Andrew new members can't post pics, they have to be approved by a moderator. You should see them now and welcome to House Repair Talk!


----------



## BobAristide (Jun 2, 2010)

It's still hard to tell how the mirror is held in place. I think that in order to hold the weight of the mirror, the wall must have some sort of structure behind. You might want to consider light weight antico stone panels. They look very much like real stone but they are lightweight and can be glued in place anywhere. They can also be ordered in fire-rated and any1 can install them.
Keep us posted on the progress.


----------



## thomask (Jun 2, 2010)

Be VERY CAREFUL when removing that large mirror.  It may very well be glued to drywall.  Do not get cut or let anyone in front of the mirror while removing.  You may wish to tape the mirror for safety sake. 

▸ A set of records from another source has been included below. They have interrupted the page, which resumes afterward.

lemma sum_cyl_len_not_nested_le:
  assumes a: "0 < a" "a < 1" and b: "0 < b" "b < 1" and r: "r > 0"
  shows "(\<Sum>w\<in>{w\<in>words n. \<not> nested a b n r s w}. cyl_len a w)
     \<le> (\<Sum>w\<in>{w\<in>words n. r < cyl_len a w}. cyl_len a w) + (\<Sum>v\<in>{v\<in>words n. cyl_len b v < s}. cyl_len b v)
        + 4 * r * real (card {v\<in>words n. s \<le> cyl_len b v})"
proof -
  define Long where "Long = {w\<in>words n. r < cyl_len a w}"
  define Short where "Short = {v\<in>words n. cyl_len b v < s}"
  define N where "N = {v\<in>words n. s \<le> cyl_len b v}"
  define U where "U = (\<Union>v\<in>Short. cylinder b v)"
  define Inside where "Inside = {w\<in>words n. cylinder a w \<subseteq> U}"
  define Hit where "Hit = (\<lambda>p. {w\<in>words n. cyl_len a w \<le> r \<and> p \<in> cylinder a w})"
  define Boundary where "Boundary = (\<Union>v\<in>N. Hit (Inf (cylinder b v)) \<union> Hit (Sup (cylinder b v)))"
  have fin: "finite Short" "finite N" "finite Long" "finite Inside" "\<And>p. finite (Hit p)" "finite Boundary"
    by (auto simp: Short_def N_def Long_def Inside_def Hit_def Boundary_def)
  have "{w\<in>words n. \<not> nested a b n r s w} \<subseteq> Long \<union> Inside \<union> Boundary"
  proof
    fix w
    assume w: "w \<in> {w\<in>words n. \<not> nested a b n r s w}"
    show "w \<in> Long \<union> Inside \<union> Boundary"
    proof (cases "r < cyl_len a w \<or> cylinder a w \<subseteq> U")
      case False
      then obtain v where "v \<in> N" "Inf (cylinder b v) \<in> cylinder a w \<or> Sup (cylinder b v) \<in> cylinder a w"
        using w cylinder_not_nested_hits_endpoint[OF a b, of w n r s] by (auto simp: N_def U_def Short_def)
      moreover have "w \<in> words n" "cyl_len a w \<le> r"
        using w False by auto
      ultimately have "w \<in> Boundary"
        unfolding Boundary_def Hit_def by blast
      then show ?thesis
        by blast
    qed (use w in \<open>auto simp: Long_def Inside_def\<close>)
  qed
  then have "(\<Sum>w\<in>{w\<in>words n. \<not> nested a b n r s w}. cyl_len a w) \<le> (\<Sum>w\<in>Long \<union> Inside \<union> Boundary. cyl_len a w)"
    using fin cyl_len_nonneg[OF a] by (intro sum_mono2) auto
  also have "\<dots> \<le> (\<Sum>w\<in>Long. cyl_len a w) + (\<Sum>w\<in>Inside. cyl_len a w) + (\<Sum>w\<in>Boundary. cyl_len a w)"
    using fin cyl_len_nonneg[OF a] sum_Un_le[of "Long \<union> Inside" Boundary "cyl_len a"]
      sum_Un_le[of Long Inside "cyl_len a"]
    by simp
  finally have total: "(\<Sum>w\<in>{w\<in>words n. \<not> nested a b n r s w}. cyl_len a w)
      \<le> (\<Sum>w\<in>Long. cyl_len a w) + (\<Sum>w\<in>Inside. cyl_len a w) + (\<Sum>w\<in>Boundary. cyl_len a w)" .
  have inside: "(\<Sum>w\<in>Inside. cyl_len a w) \<le> (\<Sum>v\<in>Short. cyl_len b v)"
    unfolding Inside_def U_def by (rule sum_cyl_len_inside_union_le[OF a b]) (auto simp: Short_def)
  have boundary: "(\<Sum>w\<in>Boundary. cyl_len a w) \<le> 4 * r * real (card N)"
  proof -
    have "(\<Sum>w\<in>Boundary. cyl_len a w) \<le> (\<Sum>v\<in>N. sum (cyl_len a) (Hit (Inf (cylinder b v)) \<union> Hit (Sup (cylinder b v))))"
      unfolding Boundary_def using fin cyl_len_nonneg[OF a] by (intro sum_UN_le) auto
    also have "\<dots> \<le> (\<Sum>v\<in>N. sum (cyl_len a) (Hit (Inf (cylinder b v))) + sum (cyl_len a) (Hit (Sup (cylinder b v))))"
      using fin cyl_len_nonneg[OF a] by (intro sum_mono sum_Un_le) auto
    also have "\<dots> \<le> (\<Sum>v\<in>N. 2 * r + 2 * r)"
      unfolding Hit_def by (intro sum_mono add_mono sum_cyl_len_containing_point[OF a r])
    finally show ?thesis
      by (simp add: mult.commute)
  qed
  from total inside boundary show ?thesis
    unfolding Long_def Short_def N_def by linarith
qed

Perhaps a mirror company would remove it for free or reduced price if they get to keep it. Just a thought.


----------



## andrewsiv9 (Jun 10, 2010)

I was thinking of taping up the whole mirror and remove it, good tip!

Unfortunately i will not get the place until early September, so if anyone is curious i could take pics of the process when i do it then


----------



## oldognewtrick (Jun 10, 2010)

andrewsiv9 said:


> I was thinking of taping up the whole mirror and remove it, good tip!
> 
> Unfortunately i will not get the place until early September, so *if anyone is curious i could take pics of the process when i do it then[/*QUOTE]
> 
> ...


----------



## andrewsiv9 (Jun 10, 2010)

I just feel the mirrors gives the place an out dated look.  its funny your not the first person to tell me it will make the space feel smaller

My plan is to put that "brick veneer" up until the mantle and paint the drywall above the mandle. maybe put in a tv on the wall above the fireplace. as for the room adjacent to the fireplace we are still not 100% sure what to do with it. maybe a sort of sitting room with a little bar by the fireplace.  who knows!

will take pics in the fall


----------



## frozenstar (Jun 16, 2010)

Yep. I think removing the mirror would make the place look small. When I first saw the pic. I didn't thought that it was a mirror. It seems like you don't like mirrors that much. If you are really planning to remove it. I guess hiring a professional to do it is better so as to avoid any accident. I'm sure they got the right equipment to do the job.


----------



## andrewsiv9 (Sep 7, 2010)

ok well i am now done with the renovations. i ended up removing the mirrors myself with some help. at their highest point the mirrors were about 15 ft high. the mirrors were clipped on all around and glue on from behind. the mirrors were installed about 20 years ago so alot of it came off easily. 

If you want me to post more pictures just ask.


----------



## thomask (Sep 7, 2010)

Yes, we would enjoy seeing more pics of what you did to your fireplace and stages of work.

Glad that big mirror got safely out of the condo. DId it stay in one piece? 

BTW  Are you mounting a tv on your fireplace?


----------



## andrewsiv9 (Sep 8, 2010)

Actually the mirror was not one whole mirror but a few vertical "slices" of mirrors each about 18" wide. Some of them stayed intact, others shattered into very sharp pieces. Needless to say we were very careful.

I will post more picture of the stages of work when i get home tonight.

As for the TV that is the exact question i have been debating due to the presence of the two vent which will release some hot air + a little smoke i am sure. if i do install a tv i might just sit it on the mantle and shield it all around somehow


----------



## thomask (Sep 8, 2010)

ANdrew,

That was good, I was worried about removing such a large mirror all at one time. 

Those vents should not be a big problem as long as they are not directly behind your TV. 

Perhaps an AV expert can give some advice here on mounting, etc.

Nice stone work, it gives you a whole different feel to your great room I am sure.

We have a stone fireplace in our great room and sure enjoy it on a cold evening in the South.


----------



## BobAristide (Oct 6, 2010)

Congrats. That looks good! It must have been a LOT of work using real heavy stone.


----------



## RichardOkeefe (Jun 1, 2016)

I think it is good.


----------